Gigi’s commands ninety-two seats inside plus another one hundred twenty-five on a patio with panoramic ocean views. In fact, it is the second-largest restaurant in the Hamptons. Among the signature dishes, angry lobster smothered in sriracha butter demands attention. Additionally, the phyllo-crusted halibut and bone-in tuna chop have both earned critical acclaim. Dan’s Papers, for example, called Gigi’s one of the top ten dining experiences on eastern Long Island.
Summer 2026 marks the resort’s centennial, which promises to be a landmark occasion. One hundred years will have passed since Maude Gurney built her teetotaler’s retreat on these bluffs. Undoubtedly, the anniversary will bring expanded programming, special packages, and renewed attention. Expect the Dolce & Gabbana partnership to continue. Likewise, expect the Beach Club cabanas to book faster than any other reservation on the East End.

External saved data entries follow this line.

lemma Mhat_columns_independent:
  assumes "\<forall>i<p. (\<Sum>k<CARD('n) + 1. Mhat x \<Delta> y p i k * v k) = 0"
  shows "\<forall>k<CARD('n) + 1. v k = 0"
proof (intro allI impI)
  fix k assume k: "k < CARD('n) + 1"
  let ?N = "p + CARD('n) + 1"
  define w where "w j = (if j < p then 0 else v (j - p))" for j
  have "\<forall>i<?N. (\<Sum>j<?N. Fhat x \<Delta> y p i j * w j) = 0"
  proof (intro allI impI)
    fix i assume "i < ?N"
    show "(\<Sum>j<?N. Fhat x \<Delta> y p i j * w j) = 0"
    proof (cases "i < p")
      case True
      have "(\<Sum>j<?N. Fhat x \<Delta> y p i j * w j)
          = (\<Sum>j<p. Phat x \<Delta> y p i j * w j) + (\<Sum>k<CARD('n) + 1. Mhat x \<Delta> y p i k * w (p + k))"
        by (rule Fhat_row_top[OF True])
      also have "\<dots> = (\<Sum>k<CARD('n) + 1. Mhat x \<Delta> y p i k * v k)" by (simp add: w_def)
      also have "\<dots> = 0" using assms True by blast
      finally show ?thesis .
    next
      case False
      then show ?thesis using Fhat_row_bottom[of p i w] by (simp add: w_def)
    qed
  qed
  then have "w (p + k) = (\<Sum>j<?N. mat_inv ?N (Fhat x \<Delta> y p) (p + k) j * 0)"
    by (rule left_inverse_solution[OF Finv_mmul_left]) (use k in simp)
  then show "v k = 0" by (simp add: w_def)
qed

abbreviation "pinv_norm \<equiv> mat_norm_inf (CARD('n) + 1) p (pinv p (CARD('n) + 1) (Mhat x \<Delta> y p))"

lemma pinv_norm_nonneg: "0 \<le> pinv_norm"
  by (rule mat_norm_inf_nonneg) simp

lemma interpolation_residual_bound:
  assumes "i < p"
  shows "\<bar>f (y i) - f x - gradf x \<bullet> (y i - x) - 1/2 * ((y i - x) \<bullet> (model_H f x \<Delta> y p *v (y i - x)))\<bar>
    \<le> (L + kappa_H) / 2 * (\<beta> * \<Delta>)\<^sup>2"
proof -
  let ?T = "f (y i) - f x - gradf x \<bullet> (y i - x)"
    and ?Q = "(y i - x) \<bullet> (model_H f x \<Delta> y p *v (y i - x))"
  have "(norm (y i - x))\<^sup>2 \<le> (\<beta> * \<Delta>)\<^sup>2" using pts[OF assms] by (intro power_mono) auto
  then have Q: "\<bar>?Q\<bar> \<le> kappa_H * (\<beta> * \<Delta>)\<^sup>2"
    using model_H_quadratic_bound kappa_H_nonneg by (meson mult_left_mono order_trans)
  have "\<bar>?T - 1/2 * ?Q\<bar> \<le> \<bar>?T\<bar> + \<bar>?Q\<bar> / 2"
    using abs_triangle_ineq4[of ?T "1/2 * ?Q"] by simp
  also have "\<dots> \<le> L / 2 * (\<beta> * \<Delta>)\<^sup>2 + kappa_H * (\<beta> * \<Delta>)\<^sup>2 / 2"
    using taylor_at_points[OF assms] Q by (intro add_mono divide_right_mono) auto
  also have "\<dots> = (L + kappa_H) / 2 * (\<beta> * \<Delta>)\<^sup>2" by (simp add: field_simps)
  finally show ?thesis .
qed

lemma linear_part_error:
  defines "R \<equiv> (L + kappa_H) / 2 * (\<beta> * \<Delta>)\<^sup>2"
  shows "\<bar>model_c f x \<Delta> y p - f x\<bar> \<le> pinv_norm * R"
    and "norm (model_g f x \<Delta> y p - gradf x) \<le> sqrt (real CARD('n)) * (pinv_norm * R / \<Delta>)"
proof -
  let ?c = "model_c f x \<Delta> y p" and ?g = "model_g f x \<Delta> y p" and ?M = "Mhat x \<Delta> y p"
  define u where "u = affine_coeffs \<Delta> (?c - f x) (?g - gradf x)"
  define r where "r i = f (y i) - f x - gradf x \<bullet> (y i - x)
    - 1/2 * ((y i - x) \<bullet> (model_H f x \<Delta> y p *v (y i - x)))" for i
  have Mu: "\<forall>i<p. (\<Sum>l<CARD('n) + 1. ?M i l * u l) = r i"
  proof (intro allI impI)
    fix i assume i: "i < p"
    have "(\<Sum>l<CARD('n) + 1. ?M i l * u l) = (?c - f x) + (?g - gradf x) \<bullet> (y i - x)"
      unfolding u_def by (rule Mhat_row_affine_coeffs[OF i Delta_ne])
    also have "\<dots> = r i"
      using model_interpolates[OF i] by (simp add: model_def r_def inner_diff_left)
    finally show "(\<Sum>l<CARD('n) + 1. ?M i l * u l) = r i" .
  qed
  have "0 \<le> R" unfolding R_def using L_nonneg kappa_H_nonneg by simp
  have u_bound: "\<bar>u k\<bar> \<le> pinv_norm * R" if k: "k < CARD('n) + 1" for k
  proof -
    have "u k = (\<Sum>i<p. pinv p (CARD('n) + 1) ?M k i * r i)"
      by (rule left_inverse_solution[OF pinv_mmul_left[OF Mhat_columns_independent] Mu k])
    also have "\<bar>\<dots>\<bar> \<le> pinv_norm * R"
      using interpolation_residual_bound \<open>0 \<le> R\<close> k
      unfolding r_def R_def by (intro abs_mat_vec_le) auto
    finally show ?thesis .
  qed
  show "\<bar>?c - f x\<bar> \<le> pinv_norm * R" using u_bound[of 0] by (simp add: u_def affine_coeffs_def)
  have "\<bar>(?g - gradf x) $ k\<bar> \<le> pinv_norm * R / \<Delta>" for k
  proof -
    have "\<Delta> * \<bar>(?g - gradf x) $ k\<bar> \<le> pinv_norm * R"
      using u_bound[of "Suc (coord_idx k)"] coord_idx_less[of k] Delta_pos
      by (simp add: u_def affine_coeffs_def abs_mult)
    then show ?thesis using Delta_pos by (simp add: field_simps)
  qed
  then show "norm (?g - gradf x) \<le> sqrt (real CARD('n)) * (pinv_norm * R / \<Delta>)"
    by (rule norm_le_sqrt_card_mult)
qed

abbreviation "kappa_mf \<equiv> (L + kappa_H) / 2 * (1 + sqrt (real CARD('n))) * \<beta>^2 * pinv_norm
  + (L + kappa_H) / 2"

lemma model_value_error:
  assumes "z \<in> cball x \<Delta>"
  shows "\<bar>model f x \<Delta> y p z - f z\<bar> \<le> kappa_mf * \<Delta>\<^sup>2"
proof -
  let ?c = "model_c f x \<Delta> y p" and ?g = "model_g f x \<Delta> y p" and ?H = "model_H f x \<Delta> y p"
  define h where "h = z - x"
  define K where "K = kappa_H"
  define S where "S = sqrt (real CARD('n))"
  define P where "P = pinv_norm * ((L + K) / 2 * (\<beta> * \<Delta>)\<^sup>2)"
  have h: "norm h \<le> \<Delta>" using assms by (simp add: h_def dist_norm norm_minus_commute)
  have "0 \<le> K" "0 \<le> P" "0 \<le> S"
    unfolding K_def P_def S_def using kappa_H_nonneg L_nonneg pinv_norm_nonneg by simp_all
  have "model f x \<Delta> y p z - f z
      = (?c - f x) + (?g - gradf x) \<bullet> h + 1/2 * (h \<bullet> (?H *v h)) - (f z - f x - gradf x \<bullet> h)"
    by (simp add: model_def h_def inner_diff_left)
  moreover have "\<bar>?c - f x\<bar> \<le> P" unfolding P_def K_def by (rule linear_part_error(1))
  moreover have "\<bar>(?g - gradf x) \<bullet> h\<bar> \<le> S * P"
  proof -
    have "\<bar>(?g - gradf x) \<bullet> h\<bar> \<le> norm (?g - gradf x) * norm h" by (rule Cauchy_Schwarz_ineq2)
    also have "\<dots> \<le> S * (P / \<Delta>) * \<Delta>"
      using linear_part_error(2) h \<open>0 \<le> S\<close> \<open>0 \<le> P\<close> Delta_pos
      unfolding P_def K_def S_def by (intro mult_mono) auto
    finally show ?thesis using Delta_pos by simp
  qed
  moreover have "\<bar>1/2 * (h \<bullet> (?H *v h))\<bar> \<le> K / 2 * \<Delta>\<^sup>2"
  proof -
    have "\<bar>h \<bullet> (?H *v h)\<bar> \<le> K * (norm h)\<^sup>2" unfolding K_def by (rule model_H_quadratic_bound)
    also have "\<dots> \<le> K * \<Delta>\<^sup>2" using h \<open>0 \<le> K\<close> by (intro mult_left_mono power_mono) auto
    finally show ?thesis by simp
  qed
  moreover have "\<bar>f z - f x - gradf x \<bullet> h\<bar> \<le> L / 2 * \<Delta>\<^sup>2"
  proof -
    have "\<bar>f z - f x - gradf x \<bullet> h\<bar> \<le> L / 2 * (norm h)\<^sup>2"
      unfolding h_def by (rule lipschitz_gradient_taylor_bound[OF deriv lip])
    also have "\<dots> \<le> L / 2 * \<Delta>\<^sup>2" using h L_nonneg by (intro mult_left_mono power_mono) auto
    finally show ?thesis .
  qed
  moreover have "kappa_mf * \<Delta>\<^sup>2 = P + S * P + K / 2 * \<Delta>\<^sup>2 + L / 2 * \<Delta>\<^sup>2"
    unfolding P_def S_def K_def by (simp add: field_simps power2_eq_square)
  ultimately show ?thesis by linarith
qed

lemma model_grad_error:
  assumes "z \<in> cball x \<Delta>"
  shows "norm (model_grad f x \<Delta> y p z - gradf z) \<le> (2 * kappa_mf + 2 * kappa_H) * \<Delta>"
proof -
  let ?g = "model_g f x \<Delta> y p" and ?H = "model_H f x \<Delta> y p"
  define h where "h = z - x"
  define K where "K = kappa_H"
  define S where "S = sqrt (real CARD('n))"
  define Q where "Q = (L + K) * \<beta>\<^sup>2 * pinv_norm * \<Delta>"
  have h: "norm h \<le> \<Delta>" using assms by (simp add: h_def dist_norm norm_minus_commute)
  have "0 \<le> K" "0 \<le> Q" "0 \<le> S"
    unfolding K_def Q_def S_def using kappa_H_nonneg L_nonneg pinv_norm_nonneg Delta_pos by simp_all
  have grad_eq: "model_grad f x \<Delta> y p z - gradf z = (?g - gradf x) + ?H *v h - (gradf z - gradf x)"
    by (simp add: model_grad_def h_def algebra_simps)
  have "norm (model_grad f x \<Delta> y p z - gradf z)
      \<le> norm (?g - gradf x) + norm (?H *v h) + norm (gradf z - gradf x)"
    unfolding grad_eq using norm_triangle_ineq[of "?g - gradf x" "?H *v h"]
      norm_triangle_ineq4[of "?g - gradf x + ?H *v h" "gradf z - gradf x"] by linarith
  moreover have "norm (?g - gradf x) \<le> S * Q / 2"
  proof -
    have SQ: "S * Q / 2 = sqrt (real CARD('n)) * (pinv_norm * ((L + kappa_H) / 2 * (\<beta> * \<Delta>)\<^sup>2) / \<Delta>)"
      unfolding S_def Q_def K_def using Delta_pos by (simp add: field_simps power2_eq_square)
    show ?thesis by (subst SQ) (rule linear_part_error(2))
  qed
  moreover have "norm (?H *v h) \<le> K * \<Delta>"
    unfolding K_def by (rule order_trans[OF model_H_bound mult_left_mono[OF h kappa_H_nonneg]])
  moreover have "norm (gradf z - gradf x) \<le> L * \<Delta>"
    using lip[of z x] mult_left_mono[OF h L_nonneg] unfolding h_def by linarith
  moreover have "(2 * kappa_mf + 2 * kappa_H) * \<Delta> = Q + S * Q + L * \<Delta> + K * \<Delta> + 2 * (K * \<Delta>)"
    unfolding Q_def S_def K_def by (simp add: field_simps)
  moreover have "0 \<le> S * Q" "0 \<le> K * \<Delta>"
    using \<open>0 \<le> S\<close> \<open>0 \<le> Q\<close> \<open>0 \<le> K\<close> Delta_pos by simp_all
  ultimately show ?thesis using \<open>0 \<le> Q\<close> by linarith
qed

end

theorem theorem5p15:
  fixes f :: "real^'n \<Rightarrow> real" and gradf :: "real^'n \<Rightarrow> real^'n"
    and L \<Delta> \<beta> :: real and x :: "real^'n" and y :: "nat \<Rightarrow> real^'n" and p :: nat
  assumes bdd_below: "\<exists>b. \<forall>u. b \<le> f u"
    and deriv: "\<And>u. (f has_derivative (\<lambda>h. gradf u \<bullet> h)) (at u)"
    and cont: "continuous_on UNIV gradf"
    and lip: "\<And>u v. norm (gradf u - gradf v) \<le> L * norm (u - v)"
    and p_lo: "CARD('n) + 2 \<le> p"
    and p_hi: "p \<le> (CARD('n) + 1) * (CARD('n) + 2) div 2 - 1"
    and Delta_pos: "\<Delta> > 0" and beta_pos: "\<beta> > 0"
    and pts: "\<And>i. i < p \<Longrightarrow> norm (y i - x) \<le> \<beta> * \<Delta>"
    and F_inv: "mat_invertible (p + CARD('n) + 1) (Fhat x \<Delta> y p)"
  shows "let \<kappa>H = L / 2 * real p * \<beta>^4
               * mat_norm_inf (p + CARD('n) + 1) (p + CARD('n) + 1)
                   (mat_inv (p + CARD('n) + 1) (Fhat x \<Delta> y p));
             \<kappa>mf = (L + \<kappa>H) / 2 * (1 + sqrt (real CARD('n))) * \<beta>^2
                   * mat_norm_inf (CARD('n) + 1) p (pinv p (CARD('n) + 1) (Mhat x \<Delta> y p))
                 + (L + \<kappa>H) / 2;
             \<kappa>mg = 2 * \<kappa>mf + 2 * \<kappa>H
         in \<forall>z \<in> cball x \<Delta>.
              \<bar>model f x \<Delta> y p z - f z\<bar> \<le> \<kappa>mf * \<Delta>^2
            \<and> norm (model_grad f x \<Delta> y p z - gradf z) \<le> \<kappa>mg * \<Delta>"
proof -
  interpret min_frobenius_interpolation f gradf L \<Delta> \<beta> x y p
    using deriv lip Delta_pos pts F_inv by unfold_locales
  show ?thesis
    unfolding Let_def using model_value_error model_grad_error by blast
qed
(* Let $b\in\overline{\mathbb{Q}}\setminus\{0,1\}$ with a fixed logarithm $\ln b$. If there is a ladder to $\xi\in\mathbb{C}$ (with respect to $b$), then there is a ladder $a_1,\dots,a_m$ to $\xi$ (obtainable as a subsequence of the given one) such that $1,a_1,\dots,a_m$ are linearly independent over $\mathbb{Q}$.
   Context: $b^x:=e^{x\ln b}$ for the fixed nonzero value $\ln b$. $\overline{F}$ denotes the algebraic closure in $\mathbb{C}$ of a field $F$; $\overline{\mathbb{Q}}$ is the field of algebraic numbers. Ladder: for $a_1,\dots,a_m\in\mathbb{C}$ put $F_0:=\mathbb{Q}$ and $F_k:=\mathbb{Q}(a_1,\dots,a_k,b^{a_1},\dots,b^{a_k})$. The sequence is a ladder if for every $1\le k\le m$, $a_k\in\overline{F_{k-1}}$ or $b^{a_k}\in\overline{F_{k-1}}$; it is a ladder to $\xi$ if $\xi\in\overline{F_m}$. A ladder with $1,a_1,\dots,a_m$ linearly independent over $\mathbb{Q}$ is called reduced. *)

theory Defs
  imports Complex_Main "HOL-Computational_Algebra.Polynomial" "HOL-Library.Sublist"
begin

text \<open>b^x := exp (x * ln b), for the fixed value lnb of the logarithm of b.\<close>
definition bpow :: "complex \<Rightarrow> complex \<Rightarrow> complex" where
  "bpow lnb x = exp (x * lnb)"

definition is_subfield :: "complex set \<Rightarrow> bool" where
  "is_subfield K \<longleftrightarrow> 0 \<in> K \<and> 1 \<in> K \<and>
     (\<forall>x\<in>K. \<forall>y\<in>K. x + y \<in> K \<and> x - y \<in> K \<and> x * y \<in> K) \<and>
     (\<forall>x\<in>K. x \<noteq> 0 \<longrightarrow> inverse x \<in> K)"

definition field_gen :: "complex set \<Rightarrow> complex set" where
  "field_gen S = \<Inter> {K. is_subfield K \<and> S \<subseteq> K}"

definition alg_closure :: "complex set \<Rightarrow> complex set" where
  "alg_closure F = {z. \<exists>p::complex poly. p \<noteq> 0 \<and> (\<forall>i. coeff p i \<in> F) \<and> poly p z = 0}"

text \<open>F_k = Q(a_1,...,a_k, b^a_1,...,b^a_k) for the list as = [a_1,...,a_m] (0-indexed).\<close>
definition ladder_field :: "complex \<Rightarrow> complex list \<Rightarrow> nat \<Rightarrow> complex set" where
  "ladder_field lnb as k =
     field_gen ({as ! i | i. i < k} \<union> {bpow lnb (as ! i) | i. i < k})"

George Filopoulos died in August 2023 at fifty-four, taken by pancreatic cancer at the height of his vision for Gurney’s Montauk. Nevertheless, he left behind a thriving company and a community that mourned him as a true Montauk visionary. Today, the resort continues under the leadership of President and COO Michael Nenner. The beach still stretches half a mile, and the seawater still pumps from the Atlantic. Above all, the only year-round resort in Montauk remains open for whatever comes next.